Lowering thermal conductivity via introducing heterointerfaces of heterophase fillings (HPFs) is a common strategy for optimizing thermoelectric performance, but it is always accompanied by deterioration of electrical conductivity. Here we report an ordered magnetic HPF system in a CoSe 2 -SnSe mosaic heterostructure superlattice synthesized by van der Waals confined epitaxial growth (vdWCEG), which realizes a maximized filling amount to decrease in-plane thermal conductivity of SnSe layers and maintain the intact in-plane carrier transport path.
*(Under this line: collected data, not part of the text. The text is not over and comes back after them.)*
(* Let $H$ be a complex infinite-dimensional separable Hilbert space and let $(f_n)_{n=1}^\infty$ be a frame for $H$ with optimal upper frame bound $B$ such that the series $\sum_{n=1}^\infty(B-\|f_n\|^2)$ converges. Then $(f_n)_{n=1}^\infty$ is a near-Riesz basis.
   Context: The optimal upper frame bound of a frame is the infimum of all $B$ with $\sum_n|\langle x,f_n\rangle|^2\le B\|x\|^2$ for all $x\in H$ (note $\|f_n\|^2\le B$ for all $n$). The excess of a frame is the maximal number of elements that can be deleted so that the remaining sequence is still a frame. A near-Riesz basis is a frame with finite excess. *)

theory Defs
  imports "HOL-Analysis.Analysis"
begin

class complex_vector = real_vector +
  fixes scaleC :: "complex \<Rightarrow> 'a \<Rightarrow> 'a"
  assumes scaleC_add_right: "scaleC a (x + y) = scaleC a x + scaleC a y"
    and scaleC_add_left: "scaleC (a + b) x = scaleC a x + scaleC b x"
    and scaleC_scaleC: "scaleC a (scaleC b x) = scaleC (a * b) x"
    and scaleC_one: "scaleC 1 x = x"
    and scaleR_scaleC: "scaleR r x = scaleC (complex_of_real r) x"

class complex_inner = complex_vector + real_normed_vector +
  fixes cinner :: "'a \<Rightarrow> 'a \<Rightarrow> complex"
  assumes cinner_commute: "cinner x y = cnj (cinner y x)"
    and cinner_add_left: "cinner (x + y) z = cinner x z + cinner y z"
    and cinner_scaleC_left: "cinner (scaleC r x) y = r * cinner x y"
    and cinner_self_real: "Im (cinner x x) = 0"
    and cinner_self_nonneg: "0 \<le> Re (cinner x x)"
    and cinner_self_eq_zero: "cinner x x = 0 \<longleftrightarrow> x = 0"
    and norm_eq_sqrt_cinner: "norm x = sqrt (Re (cinner x x))"
(* Let $\mathcal{T} = \{T_1, \ldots, T_t\}$ be a set of unrooted binary phylogenetic trees on a common leaf set $X$, let $\mathcal{Q}$ be the set of quartets that are incompatible quartets of $T_1$ and $T_i$ for some $2 \le i \le t$, and let $\tilde x$ be an optimal solution of the linear program $$\text{minimize } \sum_{e \in E(T_1)} x_e \quad \text{s.t. } \sum_{e \in L(Q)} x_e \ge 1 \ \ \forall Q \in \mathcal{Q}, \qquad x_e \ge 0\ \ \forall e \in E(T_1).$$ Let $E \subseteq E(T_1)$ be the edge set produced by the following rounding procedure. Root $T_1$ at an arbitrary leaf $r$; for each edge $e$ let $u_e$ be its endpoint on the path from $r$ to the other endpoint $v_e$. Start with $E = \emptyset$. For the current $E$ and each edge $e$, let $D(e)$ be the set of edges $f$ such that $v_e$ lies on the path from $r$ to $v_f$ and the path from $v_e$ to $v_f$ contains no edge of $E$, and let $w(e) = \sum_{f \in D(e)} \tilde x_f$. While there exists an edge $e$ with $w(e) \ge 1/4$ and $w(f) < 1/4$ for all $f \in D(e) \setminus \{e\}$, add one such edge $e$ to $E$ (recomputing $D$ and $w$ afterwards); stop when every edge $e \in E(T_1) \setminus E$ has $w(e) < 1/4$. Then the final set $E$ is a feasible solution of the integer program $$\text{minimize } \sum_{e \in E(T_1)} x_e \quad \text{s.t. } \sum_{e \in L(Q)} x_e \ge 1 \ \ \forall Q \in \mathcal{Q}, \qquad x_e \in \{0,1\}\ \ \forall e \in E(T_1),$$ i.e., $L(Q) \cap E \ne \emptyset$ for every $Q \in \mathcal{Q}$.
   Context: A (binary) phylogenetic tree on a finite set $X$ is an unrooted tree whose internal vertices have degree 3 and whose leaves are bijectively labelled by $X$. Two phylogenetic trees on $X$ are isomorphic ($\cong$) if there is a graph isomorphism between them fixing every leaf label. For $Y \subseteq X$, $T[Y]$ is the minimal subtree of $T$ connecting the leaves in $Y$, and $T|_Y$ is obtained from $T[Y]$ by suppressing all degree-2 vertices. A quartet is a 4-element subset of $X$; for $Q=\{a,b,c,d\}$, $ab|cd$ is the tree on $Q$ where $a,b$ share a neighbour $u$, $c,d$ share a neighbour $v$, and $u,v$ are adjacent. If $T_1|_Q \cong ab|cd$, $L(Q)$ is the set of edges of $T_1[\{a,b\}] \cup T_1[\{c,d\}]$. $Q$ is an incompatible quartet of $T_1,T_i$ if $T_1|_Q \not\cong T_i|_Q$. A $0/1$ vector $x$ is identified with the edge set $\{e : x_e = 1\}$. *)

theory Defs
  imports Complex_Main
begin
The in-plane thermal conductivity of CoSe 2 -SnSe superlattice reaches the lowest range among SnSe-based materials with a value of 0.27 W m -1 K -1 at 850 K, which can be attributed to abundant interfaces between CoSe 2 nanocrystals and SnSe layers. Moreover, the CoSe 2 nanocrystals show superparamagnetic behavior, by which the rotation of magnetic domains provides additional phonon scattering to further decrease in-plane thermal conductivity. By combination with the preserved in-plane electrical conductivity of SnSe layers, an enhanced in-plane ZT value of 0.62 is achieved at 850 K. This vdWCEG approach can also be generally applied to fabricate various other two-dimensional (2D) mosaic heterostructures, providing an avenue for artificial 2D heterostructures with desired functionalities.